Step 23: Upload the Code

    Press the upload button in your Arduino window as shown in the red circle in picture above. Wait for the uploading to complete.

    Step 24: The End Product!

    Unplug the USB cable and you now have the final product! All you have to do is turn on the battery pack and tap the screen to start collecting data!

    The more spikes you see on the left side, the lower your focus level.

    Step 25: EAGLE Diagram

    Above is the EAGLE diagram. The TFT Touch Shield, EEG sensor and 9V battery is labelled. The Arduino UNO has it's own label printed on it already.

    The 9V Battery has its positive end connected to the 5V pin and negative end connected to the GND pin of the Arduino Uno.

    The EEG Sensor has its VCC pin connected to the 3V pin,GND pin to the GND pin and REF pin to the A5 pin of the Arduino Uno.

    The TFT Touch Shield is connected to all the pins of the Arduino Uno.

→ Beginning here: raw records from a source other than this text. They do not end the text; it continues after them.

lemma subspace_kernel:
  assumes U: "matv.subspace U" and f_add: "\<And>x y. f (x + y) = f x + f y"
    and f_scale: "\<And>c x. f (mat_scale c x) = c * f x"
  shows "matv.subspace (U \<inter> {v. f v = 0})"
  using U f_scale[of 0 0] unfolding matv.subspace_def by (auto simp: f_add f_scale)

lemma finite_basis_kernel:
  assumes B: "finite_basis B U" and U: "matv.subspace U"
    and f_add: "\<And>x y. f (x + y) = f x + f y" and f_scale: "\<And>c x. f (mat_scale c x) = c * f x"
    and u: "u \<in> U" "f u \<noteq> 0"
  shows "\<exists>B'. finite_basis B' (U \<inter> {v. f v = 0}) \<and> card B' + 1 = card B"
proof -
  obtain B' where "B' \<subseteq> U \<inter> {v. f v = 0}" "matv.independent B'"
    "U \<inter> {v. f v = 0} \<subseteq> matv.span B'" "finite B'" "card B' + 1 = card B"
    using matv.kernel_basis[OF U _ _ _ _ f_add f_scale u] B unfolding finite_basis_def by blast
  then show ?thesis unfolding finite_basis_def by blast
qed

lemma exists_small_extrapolation:
  fixes s r :: "'a \<Rightarrow> real"
  assumes fin: "finite I" and pos: "\<forall>j\<in>I. 0 < s j"
  shows "\<exists>t>0. \<forall>j\<in>I. 0 \<le> (1 + t) * s j - t * r j"
proof -
  define t where "t = Min (insert 1 ((\<lambda>j. s j / (1 + \<bar>r j\<bar>)) ` I))"
  have t: "0 < t" using fin pos by (simp add: t_def)
  have "0 \<le> (1 + t) * s j - t * r j" if j: "j \<in> I" for j
  proof -
    have "t \<le> s j / (1 + \<bar>r j\<bar>)" using fin j by (simp add: t_def)
    then have "t + t * \<bar>r j\<bar> \<le> s j" by (simp add: pos_le_divide_eq add_pos_nonneg algebra_simps)
    moreover have "t * r j \<le> t * \<bar>r j\<bar>" using t by (simp add: mult_left_mono)
    ultimately have "t * r j \<le> s j" using t by linarith
    moreover have "0 \<le> t * s j" using t pos j by (simp add: less_imp_le)
    ultimately show ?thesis by (simp add: algebra_simps)
  qed
  then show ?thesis using t by blast
qed

section \<open>The affine space of the equations\<close>

text \<open>An entry is free if no equation among (C1), (C2) fixes it.\<close>

definition free_entry :: "nat \<Rightarrow> nat \<Rightarrow> nat \<Rightarrow> nat \<Rightarrow> bool" where
  "free_entry N d i n \<longleftrightarrow> 1 \<le> i \<and> i \<le> d \<and> i \<le> n \<and> n + d < N + i"

definition eq_solutions :: "nat \<Rightarrow> nat \<Rightarrow> mat set" where
  "eq_solutions N d = {x \<in> mat_space N d. \<forall>e\<in>eq_idx N d. eq_holds N d e x}"

definition eq_directions :: "nat \<Rightarrow> nat \<Rightarrow> mat set" where
  "eq_directions N d = {v. (\<forall>i n. \<not> free_entry N d i n \<longrightarrow> v i n = 0)
     \<and> (\<forall>n. 0 < n \<and> n < N \<longrightarrow> (\<Sum>i=1..d. v i n) = 0)}"

definition unit_mat :: "nat \<times> nat \<Rightarrow> mat" where
  "unit_mat c = (\<lambda>i n. if (i, n) = c then 1 else 0)"

lemma free_entry_idx: "free_entry N d i n \<Longrightarrow> (i, n) \<in> idx N d"
  by (auto simp: free_entry_def idx_def)

lemma sum_greaterThanAtMost_linear:
  "a \<le> b \<Longrightarrow> (\<Sum>i\<in>{a<..b}. c - 2 * real i) = real (b - a) * (c - real a - real b - 1)"
proof (induction b)
  case (Suc b)
  show ?case
  proof (cases "a = Suc b")
    case False
    then have ab: "a \<le> b" using Suc.prems by simp
    have "{a<..Suc b} = insert (Suc b) {a<..b}" using ab by auto
    then have "(\<Sum>i\<in>{a<..Suc b}. c - 2 * real i) = (c - 2 * real (Suc b)) + (\<Sum>i\<in>{a<..b}. c - 2 * real i)"
      by simp
    also have "\<dots> = real (Suc b - a) * (c - real a - real (Suc b) - 1)"
      using Suc.IH ab by (simp add: of_nat_diff Suc_diff_le algebra_simps)
    finally show ?thesis .
  qed simp
qed simp
text \<open>The operator \<open>(line_op k - \<sigma> k)(line_op l - \<sigma> l)\<close> annihilates every block except the
  \<open>(k, l)\<close> and \<open>(l, k)\<close> blocks, because only these flip the signs at both \<open>k\<close> and \<open>l\<close>.\<close>

lemma cliff2_block_vanishes:
  assumes F: "unitary_frame F" "2 * card F = DIM('v)" and \<eta>: "two_form \<eta>"
    and \<psi>: "\<psi> \<in> joint_eigenspace F \<sigma>" "\<sigma> k \<noteq> 0" "\<sigma> l \<noteq> 0"
    and kl: "k \<in> F" "l \<in> F" "k \<noteq> l" and zero: "cliff2 \<gamma> \<eta> *v \<psi> = 0"
  shows "cliff2_block \<eta> \<psi> k l = 0"
proof -
  define R where "R = (line_op k - mat (\<sigma> k)) ** (line_op l - mat (\<sigma> l))"
  define c where "c = 4 * \<sigma> k * \<sigma> l"
  have R_block: "R *v cliff2_block \<eta> \<psi> f f' =
      (if f = k \<and> f' = l \<or> f = l \<and> f' = k then c *s cliff2_block \<eta> \<psi> f f' else 0)"
    if "f \<in> F" "f' \<in> F" for f f'
    unfolding R_def
    using line_op_product_eigenvector[OF kl(1,2) cliff2_block_joint_eigenspace[OF F(1) that \<psi>(1)]] kl(3)
    by (auto simp: flip_sign_def c_def)
  have row: "(\<Sum>f'\<in>F. R *v cliff2_block \<eta> \<psi> f f') =
      (if f = k then c *s cliff2_block \<eta> \<psi> k l else 0) +
      (if f = l then c *s cliff2_block \<eta> \<psi> l k else 0)" if "f \<in> F" for f
    using F(1) kl that by (auto simp: R_block unitary_frame_def cong: sum.cong)
  have "0 = R *v (cliff2 \<gamma> \<eta> *v \<psi>)"
    using zero by simp
  also have "\<dots> = (\<Sum>f\<in>F. \<Sum>f'\<in>F. R *v cliff2_block \<eta> \<psi> f f')"
    by (simp add: cliff2_frame_expansion[OF F \<eta>] vec.sum)
  also have "\<dots> = c *s cliff2_block \<eta> \<psi> k l + c *s cliff2_block \<eta> \<psi> l k"
    using F(1) kl by (simp add: row sum.distrib unitary_frame_def cong: sum.cong)
  also have "\<dots> = (2 * c) *s cliff2_block \<eta> \<psi> k l"
    using F(1) kl \<eta> cliff2_block_swap[of \<eta> k l \<psi>]
    by (simp add: unitary_frame_def vec_eq_iff algebra_simps)
  finally show ?thesis
    using \<psi>(2,3) by (simp add: c_def)
qed
fun stops_go :: "(point2 \<Rightarrow> nat option) \<Rightarrow> poi list \<Rightarrow> nat \<Rightarrow> nat \<Rightarrow>
    (nat \<times> real \<times> nat) option \<Rightarrow> nat \<times> real \<Rightarrow> traj \<Rightarrow> (nat \<times> nat) list \<times> nat" where
  "stops_go q P p i cur lst [] = (close_cand P cur lst, 1)"
| "stops_go q P p i cur lst ((t, x, y) # rest) =
     (let r = q (x, y) in
      if cur \<noteq> None \<and> r = Some (snd (snd (the cur))) then
        (let (res, c) = stops_go q P p (Suc i) cur (i, t) rest in (res, c + p + 1))
      else
        (let out = close_cand P cur lst;
             cur' = map_option (\<lambda>k. (i, t, k)) r;
             (res, c) = stops_go q P p (Suc i) cur' (i, t) rest
         in (out @ res, c + p + 2)))"

definition stops_alg :: "(point2 \<Rightarrow> nat option) \<Rightarrow> poi list \<Rightarrow> nat \<Rightarrow> traj \<Rightarrow> (nat \<times> nat) list \<times> nat" where
  "stops_alg q P p T = stops_go q P p 0 None (0, 0) T"

end

theory Submission
  imports Defs
begin

text \<open>Label every point of the trajectory by the answer of the point query. Since the geometries
  are disjoint and time stamps increase, a stop is exactly a maximal run of consecutive points
  carrying the same label \<open>k\<close> whose duration exceeds \<open>\<Delta>\<^sub>k\<close>: enlarging a run for \<open>k\<close> only
  increases its duration. The algorithm scans the trajectory once, keeping the run through the
  previous point open and reporting it when the label changes; each point costs one point query
  and a constant number of further steps.\<close>

definition long_runs :: "(nat \<Rightarrow> nat option) \<Rightarrow> (nat \<Rightarrow> real) \<Rightarrow> (nat \<Rightarrow> real) \<Rightarrow> nat \<Rightarrow> (nat \<times> nat) set" where
  "long_runs lab tt D n = {(s, e). \<exists>k. s \<le> e \<and> e < n \<and> (\<forall>m\<in>{s..e}. lab m = Some k) \<and>
     (s = 0 \<or> lab (s - 1) \<noteq> Some k) \<and> (Suc e = n \<or> lab (Suc e) \<noteq> Some k) \<and> tt e - tt s > D k}"

abbreviation traj_runs :: "(point2 \<Rightarrow> nat option) \<Rightarrow> poi list \<Rightarrow> traj \<Rightarrow> (nat \<times> nat) set" where
  "traj_runs q P T \<equiv> long_runs (\<lambda>m. q (pos (T ! m))) (\<lambda>m. tm (T ! m)) (\<lambda>k. snd (P ! k)) (length T)"

lemma stop_cond_iff_labels:
  assumes "point_query_oracle P q"
  shows "stop_cond P T i j k \<longleftrightarrow> i \<le> j \<and> j < length T \<and>
    (\<forall>m\<in>{i..j}. q (pos (T ! m)) = Some k) \<and> tm (T ! j) - tm (T ! i) > snd (P ! k)"
proof -
  have "q z = Some k \<longleftrightarrow> k < length P \<and> z \<in> fst (P ! k)" for z k
    using assms unfolding point_query_oracle_def by blast
  then show ?thesis unfolding stop_cond_def by auto
qed

lemma long_run_is_stop:
  assumes "point_query_oracle P q" "(s, e) \<in> traj_runs q P T"
  shows "is_stop P T s e"
proof -
  let ?lab = "\<lambda>m. q (pos (T ! m))"
  obtain k where run: "s \<le> e" "e < length T" "\<forall>m\<in>{s..e}. ?lab m = Some k"
      "s = 0 \<or> ?lab (s - 1) \<noteq> Some k" "Suc e = length T \<or> ?lab (Suc e) \<noteq> Some k"
      "tm (T ! e) - tm (T ! s) > snd (P ! k)"
    using assms(2) unfolding long_runs_def by blast
  have "\<not> stop_cond P T i' j' k'" if "i' \<le> s" "e \<le> j'" "(i', j') \<noteq> (s, e)" for i' j' k'
  proof
    assume "stop_cond P T i' j' k'"
    then have j': "j' < length T" and lab': "\<forall>m\<in>{i'..j'}. ?lab m = Some k'"
      using assms(1) by (auto simp: stop_cond_iff_labels)
    have "k' = k" using lab' run(1,3) that(1,2) by force
    show False
    proof (cases "i' < s")
      case True
      then have "s - 1 \<in> {i'..j'}" using that(2) run(1) by auto
      then have "?lab (s - 1) = Some k" using lab' \<open>k' = k\<close> by blast
      with True run(4) show False by simp
    next
      case False
      then have "e < j'" using that by auto
      then have "?lab (Suc e) = Some k" "Suc e \<noteq> length T"
        using lab' \<open>k' = k\<close> that(1) run(1) j' by auto
      with run(5) show False by simp
    qed
  qed
  moreover have "stop_cond P T s e k"
    using assms(1) run by (simp add: stop_cond_iff_labels)
  ultimately show ?thesis unfolding is_stop_def by blast
qed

    Step 26: Reading the Data.

    In step 4, there was a diagram showing what frequencies of brainwaves correspond to which level of consciousness/focus. Our graph is on a scale of 10Hz per square. So, if you see a peak at the end of the 2nd square (like in the picture). It means that there's a majority of brainwaves at 20Hz. This indicates Beta waves, meaning that the person is awake and focused.

    Step 27: Opening the Serial Monitor (Optional)

    Open the serial monitor under the tools tab in the upper left.

    Or, you can press Ctrl+Shift+M

    Step 28: Take a Reading on the Serial Monitor (Optional)

    With the arduino plugged into the computer, take a reading using the touchscreen display.

    Step 29: Copy Your Results (Optional)

    Click on the Serial Monitor, Press CTRL+A, and then CTRL+C to copy all the data.

    Step 30: Paste the Results Into a Text Document. (Optional)

    Open a text document like Notepad and press CTRL+V to paste the results.

    Step 31: Save the Results As a .txt File. (Optional)

    This code can then be exported into a software like excel in order to analyze the data.

    Step 32: Further Ideas

    • You can create a device that jolts you awake when you lose focus by adding a vibrating motor and some code that activates the motor if it detects brainwaves below a certain frequency (similar to how a Fitbit vibrates).
    • Adding SD card capabilities would allow you to store the data and process it in other ways through applications like Microsoft Excel.